• Work order
In the data below, find the line containing "by (rule flat_unfold)", then set down that line and every later line up to and including the line containing "(length (concat (stake", exactly.
Supplied material section start
(* Let $(\mathbb{X},d)$ be a complete metric space, let $F=(\mathbb{X};f_1,\dots,f_N)$ be an iterated function system of continuous maps $f_i:\mathbb{X}\to\mathbb{X}$, and let $A$ be a point-fibred attractor of $F$ with coordinate map $\pi:[N]^\infty\to A$. With respect to $A$ and $F$ (and the notions of disjunctive, reversible, strongly reversible and full words defined in the context): \begin{enumerate} \item If $N\ge 2$, there are infinitely many disjunctive words in $[N]^\infty$. \item If $A^{o}\neq\emptyset$, then every disjunctive word is strongly reversible. \item Every strongly reversible word is reversible. \item A word $\theta\in[N]^\infty$ is reversible if and only if it is full. \end{enumerate}
   Context: $S^o$ denotes the interior of a set $S$. $\mathbb{H}(\mathbb{X})$ is the set of nonempty compact subsets of $\mathbb{X}$ with the Hausdorff metric, and $F(B)=\bigcup_i f_i(B)$, with $F^k$ its $k$-fold iterate. A nonempty compact $A$ is an attractor of $F$ if $F(A)=A$ and there is an open $U\supset A$ with $F^k(S)\to A$ in the Hausdorff metric for all $S\in\mathbb{H}(U)$; the basin $B(A)$ is the union of all such $U$. $[N]=\{1,\dots,N\}$, $[N]^\infty$ is the set of infinite words $\omega=\omega_1\omega_2\cdots$ with $\omega_i\in[N]$, $\omega|k=\omega_1\cdots\omega_k$, and $f_{\omega|k}=f_{\omega_1}\circ\cdots\circ f_{\omega_k}$. The attractor $A$ is point-fibred if for every $\omega\in[N]^\infty$ and every $C\in\mathbb{H}(\mathbb{X})$ with $C\subset B(A)$ the sequence $f_{\omega|k}(C)$ converges in $\mathbb{H}(\mathbb{X})$ to a singleton $\{\pi(\omega)\}$ independent of $C$; this defines the coordinate map $\pi$, and any word in $\pi^{-1}(x)$ is an address of $x\in A$. A subword of a word is a string of consecutive letters. A word $\theta\in[N]^\infty$ is disjunctive if every finite word over $[N]$ is a subword of $\theta$. $\theta$ is reversible (w.r.t. $A,F$) if there is $\omega\in[N]^\infty$ with $\pi(\omega)\in A^o$ such that for all positive integers $M,L$ there is an integer $m\ge M$ with $\omega_1\omega_2\cdots\omega_L=\theta_{m+L}\theta_{m+L-1}\cdots\theta_{m+1}$. $\theta$ is strongly reversible if there is $\omega\in[N]^\infty$ with $\pi(\omega)\in A^o$ such that for every positive integer $M$ there is $m\ge M$ with $\omega_1\cdots\omega_m=\theta_m\theta_{m-1}\cdots\theta_1$. $\theta$ is full if there exists a nonempty compact set $A'\subset A^o$ such that for every positive integer $M$ there exist integers $n>m\ge M$ with $f_{\theta_n}\circ f_{\theta_{n-1}}\circ\cdots\circ f_{\theta_{m+1}}(A)\subset A'$. *)

theory Defs
  imports "HOL-Analysis.Analysis"
begin

text \<open>Hausdorff distance between nonempty compact sets (all sets to which it is
applied below are nonempty and compact).\<close>
definition hausdist :: "'a::metric_space set \<Rightarrow> 'a set \<Rightarrow> real" where
  "hausdist S T = max (SUP x\<in>S. infdist x T) (SUP y\<in>T. infdist y S)"

definition ne_compact :: "'a::metric_space set \<Rightarrow> bool" where
  "ne_compact S \<longleftrightarrow> S \<noteq> {} \<and> compact S"

definition hutch :: "(nat \<Rightarrow> 'a \<Rightarrow> 'a) \<Rightarrow> nat \<Rightarrow> 'a set \<Rightarrow> 'a set" where
  "hutch f N B = (\<Union>i\<in>{1..N}. f i ` B)"

text \<open>Infinite words over [N] = {1..N}; the letter omega_(k+1) of the paper is omega k.\<close>
definition words :: "nat \<Rightarrow> (nat \<Rightarrow> nat) set" where
  "words N = {\<omega>. \<forall>k. \<omega> k \<in> {1..N}}"

fun fcomp :: "(nat \<Rightarrow> 'a \<Rightarrow> 'a) \<Rightarrow> (nat \<Rightarrow> nat) \<Rightarrow> nat \<Rightarrow> 'a \<Rightarrow> 'a" where
  "fcomp f \<omega> 0 = id"
| "fcomp f \<omega> (Suc k) = fcomp f \<omega> k \<circ> f (\<omega> k)"

text \<open>blockcomp f theta m k = f_(theta_(m+k)) o ... o f_(theta_(m+1)) (paper's 1-based letters).\<close>
fun blockcomp :: "(nat \<Rightarrow> 'a \<Rightarrow> 'a) \<Rightarrow> (nat \<Rightarrow> nat) \<Rightarrow> nat \<Rightarrow> nat \<Rightarrow> 'a \<Rightarrow> 'a" where
  "blockcomp f \<theta> m 0 = id"
| "blockcomp f \<theta> m (Suc k) = f (\<theta> (m + k)) \<circ> blockcomp f \<theta> m k"

definition attracting_nbhd :: "(nat \<Rightarrow> 'a::metric_space \<Rightarrow> 'a) \<Rightarrow> nat \<Rightarrow> 'a set \<Rightarrow> 'a set \<Rightarrow> bool" where
  "attracting_nbhd f N A U \<longleftrightarrow> open U \<and> A \<subseteq> U \<and>
     (\<forall>S. ne_compact S \<and> S \<subseteq> U \<longrightarrow> (\<lambda>k. hausdist ((hutch f N ^^ k) S) A) \<longlonglongrightarrow> 0)"

definition attractor :: "(nat \<Rightarrow> 'a::metric_space \<Rightarrow> 'a) \<Rightarrow> nat \<Rightarrow> 'a set \<Rightarrow> bool" where
  "attractor f N A \<longleftrightarrow> ne_compact A \<and> hutch f N A = A \<and> (\<exists>U. attracting_nbhd f N A U)"

definition basin :: "(nat \<Rightarrow> 'a::metric_space \<Rightarrow> 'a) \<Rightarrow> nat \<Rightarrow> 'a set \<Rightarrow> 'a set" where
  "basin f N A = \<Union>{U. attracting_nbhd f N A U}"

definition coord_map :: "(nat \<Rightarrow> 'a::metric_space \<Rightarrow> 'a) \<Rightarrow> nat \<Rightarrow> 'a set \<Rightarrow> ((nat \<Rightarrow> nat) \<Rightarrow> 'a) \<Rightarrow> bool" where
  "coord_map f N A \<pi> \<longleftrightarrow> (\<forall>\<omega>\<in>words N. \<forall>C. ne_compact C \<and> C \<subseteq> basin f N A \<longrightarrow>
      (\<lambda>k. hausdist (fcomp f \<omega> k ` C) {\<pi> \<omega>}) \<longlonglongrightarrow> 0)"

definition point_fibred :: "(nat \<Rightarrow> 'a::metric_space \<Rightarrow> 'a) \<Rightarrow> nat \<Rightarrow> 'a set \<Rightarrow> bool" where
  "point_fibred f N A \<longleftrightarrow> (\<exists>\<pi>. coord_map f N A \<pi>)"

definition disjunctive :: "nat \<Rightarrow> (nat \<Rightarrow> nat) \<Rightarrow> bool" where
  "disjunctive N \<theta> \<longleftrightarrow> (\<forall>w. set w \<subseteq> {1..N} \<longrightarrow> (\<exists>m. \<forall>i<length w. \<theta> (m + i) = w ! i))"

text \<open>omega_1...omega_L = theta_(m+L)...theta_(m+1), shifted to 0-based positions.\<close>
definition reversible :: "nat \<Rightarrow> 'a::topological_space set \<Rightarrow> ((nat \<Rightarrow> nat) \<Rightarrow> 'a) \<Rightarrow> (nat \<Rightarrow> nat) \<Rightarrow> bool" where
  "reversible N A \<pi> \<theta> \<longleftrightarrow> (\<exists>\<omega>\<in>words N. \<pi> \<omega> \<in> interior A \<and>
     (\<forall>M L. M > 0 \<and> L > 0 \<longrightarrow> (\<exists>m\<ge>M. \<forall>i<L. \<omega> i = \<theta> (m + L - 1 - i))))"

text \<open>omega_1...omega_m = theta_m...theta_1, shifted to 0-based positions.\<close>
definition strongly_reversible :: "nat \<Rightarrow> 'a::topological_space set \<Rightarrow> ((nat \<Rightarrow> nat) \<Rightarrow> 'a) \<Rightarrow> (nat \<Rightarrow> nat) \<Rightarrow> bool" where
  "strongly_reversible N A \<pi> \<theta> \<longleftrightarrow> (\<exists>\<omega>\<in>words N. \<pi> \<omega> \<in> interior A \<and>
     (\<forall>M. M > 0 \<longrightarrow> (\<exists>m\<ge>M. \<forall>i<m. \<omega> i = \<theta> (m - 1 - i))))"

definition full :: "(nat \<Rightarrow> 'a::metric_space \<Rightarrow> 'a) \<Rightarrow> 'a set \<Rightarrow> (nat \<Rightarrow> nat) \<Rightarrow> bool" where
  "full f A \<theta> \<longleftrightarrow> (\<exists>A'. ne_compact A' \<and> A' \<subseteq> interior A \<and>
     (\<forall>M. M > 0 \<longrightarrow> (\<exists>n m. n > m \<and> m \<ge> M \<and> blockcomp f \<theta> m (n - m) ` A \<subseteq> A')))"

end

theory Submission
  imports Defs "HOL-Library.Stream"
begin

text \<open>
  A disjunctive word is obtained by concatenating all finite words; prefixing it by \<open>1\<^sup>k 2\<close>
  gives infinitely many.

  For the attractor, \<open>\<pi> \<omega>\<close> lies in every set \<open>f\<^bsub>\<omega>|k\<^esub>(A)\<close>, and these sets shrink to
  \<open>\<pi> \<omega>\<close>.  Hence an address \<open>\<omega>\<close> of an interior point has a prefix \<open>\<omega>|k\<close> with
  \<open>f\<^bsub>\<omega>|k\<^esub>(A) \<subseteq> A\<^sup>o\<close>, and every word with that prefix addresses a point of \<open>A\<^sup>o\<close>.
  Reversibility of \<open>\<theta>\<close> says that \<open>\<omega>|k\<close> reversed occurs arbitrarily late in \<open>\<theta>\<close>, i.e. that
  a block of \<open>\<theta>\<close> maps \<open>A\<close> into the compact set \<open>A' = f\<^bsub>\<omega>|k\<^esub>(A) \<subseteq> A\<^sup>o\<close>, which is fullness.
  Conversely, a Koenig-type compactness argument on the reversed words ending at such blocks
  produces an address whose point lies in \<open>A'\<close>.  For a disjunctive \<open>\<theta>\<close>, nesting occurrences of
  its own prefixes yields a word whose prefixes are arbitrarily long reversed prefixes of \<open>\<theta>\<close>,
  and it may be started with any prescribed finite word, in particular \<open>\<omega>|k\<close>.
\<close>

lemma flat_eq_concat_stake_shift:
  assumes "\<forall>xs\<in>sset ws. xs \<noteq> []"
  shows "flat ws = concat (stake j ws) @- flat (sdrop j ws)"
  using assms
proof (induction j arbitrary: ws)
  case (Suc j)
  have "flat ws = shd ws @- flat (stl ws)"
    using Suc.prems by (intro flat_unfold) (simp add: shd_sset)
  also have "flat (stl ws) = concat (stake j (stl ws)) @- flat (sdrop j (stl ws))"
    using Suc.prems by (intro Suc.IH) (auto simp: stl_sset)
  finally show ?case by simp
qed simp

text \<open>Concatenate all finite words over [N], enumerated through a bijection with \<open>nat list\<close>;
  each is followed by the letter 1 so that no block is empty.\<close>
lemma exists_disjunctive_word:
  assumes "N \<ge> 1"
  shows "\<exists>\<theta>\<in>words N. disjunctive N \<theta>"
proof -
  define e where "e = (\<lambda>j::nat. map (\<lambda>x. x mod N + 1) (from_nat j :: nat list) @ [1])"
  define ws where "ws = smap e nats"
  have ne: "\<forall>xs\<in>sset ws. xs \<noteq> []" by (auto simp: ws_def e_def stream.set_map)
  define \<theta> where "\<theta> = (!!) (flat ws)"
  have "\<theta> n \<in> {1..N}" for n
  proof -
    have "\<theta> n \<in> sset (flat ws)" by (simp add: \<theta>_def)
    then have "\<theta> n \<in> (\<Union>xs\<in>sset ws. set xs)" using ne by simp
    then show ?thesis using assms by (auto simp: ws_def e_def stream.set_map Suc_le_eq)
  qed
  then have "\<theta> \<in> words N" by (simp add: words_def)
  moreover have "disjunctive N \<theta>"
    unfolding disjunctive_def
  proof (intro allI impI)
    fix w :: "nat list" assume w: "set w \<subseteq> {1..N}"
    define j where "j = to_nat (map (\<lambda>x. x - 1) w)"
    have "map (\<lambda>x. (x - 1) mod N + 1) w = w"
      using w by (induction w) auto
    then have ej: "e j = w @ [1]" by (simp add: e_def j_def comp_def)
    have "flat (sdrop j ws) = shd (sdrop j ws) @- flat (stl (sdrop j ws))"
      by (rule flat_unfold) (simp add: ws_def ej)
    then have "flat (sdrop j ws) = e j @- flat (stl (sdrop j ws))"
      by (simp add: ws_def)
    then have "flat ws = concat (stake j ws) @- e j @- flat (stl (sdrop j ws))"
      using flat_eq_concat_stake_shift[OF ne, of j] by simp
    then have "\<theta> (length (concat (stake j ws)) + i) = w ! i" if "i < length w" for i
      using that by (simp add: \<theta>_def ej nth_append)
    then show "\<exists>m. \<forall>i<length w. \<theta> (m + i) = w ! i" by blast
  qed
  ultimately show ?thesis by blast
qed

lemma infinite_disjunctive_words:
  assumes "N \<ge> 2"
  shows "infinite {\<theta>\<in>words N. disjunctive N \<theta>}"
proof -
  obtain \<theta> where \<theta>: "\<theta> \<in> words N" "disjunctive N \<theta>"
    using exists_disjunctive_word[of N] assms by auto
  define g where "g = (\<lambda>k n. if n < k then 1 else if n = k then 2 else \<theta> (n - k - 1))"
  have "g k j \<noteq> g j j" if "j < k" for j k
    using that by (simp add: g_def)
  then have "inj g"
    by (metis injI linorder_neqE_nat)
  moreover have "disjunctive N (g k)" for k
    unfolding disjunctive_def
  proof (intro allI impI)
    fix w :: "nat list" assume "set w \<subseteq> {1..N}"
    then obtain m where "\<forall>i<length w. \<theta> (m + i) = w ! i"
      using \<theta>(2) unfolding disjunctive_def by blast
    then have "\<forall>i<length w. g k (m + k + 1 + i) = w ! i"
      by (simp add: g_def)
    then show "\<exists>m. \<forall>i<length w. g k (m + i) = w ! i" by blast
  qed
  moreover have "g k \<in> words N" for k
    using \<theta>(1) assms by (auto simp: words_def g_def)
  ultimately have "range g \<subseteq> {\<theta>\<in>words N. disjunctive N \<theta>}" "infinite (range g)"
    by (auto simp: range_inj_infinite)
  then show ?thesis using finite_subset by blast
qed

lemma disjunctive_occurrence_ge:
  assumes "\<theta> \<in> words N" "disjunctive N \<theta>" "set w \<subseteq> {1..N}"
  shows "\<exists>p\<ge>M. \<forall>i<length w. \<theta> (p + i) = w ! i"
proof -
  have "set (map \<theta> [0..<M] @ w) \<subseteq> {1..N}"
    using assms(1,3) by (auto simp: words_def)
  then obtain q where q: "\<forall>i<length (map \<theta> [0..<M] @ w). \<theta> (q + i) = (map \<theta> [0..<M] @ w) ! i"
    using assms(2) unfolding disjunctive_def by blast
  have "\<theta> (q + M + i) = w ! i" if "i < length w" for i
    using q[rule_format, of "M + i"] that by (simp add: nth_append add.assoc)
  then show ?thesis by (intro exI[of _ "q + M"]) simp
qed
Supplied material section end
• Result of this task
      by (rule flat_unfold) (simp add: ws_def ej)
    then have "flat (sdrop j ws) = e j @- flat (stl (sdrop j ws))"
      by (simp add: ws_def)
    then have "flat ws = concat (stake j ws) @- e j @- flat (stl (sdrop j ws))"
      using flat_eq_concat_stake_shift[OF ne, of j] by simp
    then have "\<theta> (length (concat (stake j ws)) + i) = w ! i" if "i < length w" for i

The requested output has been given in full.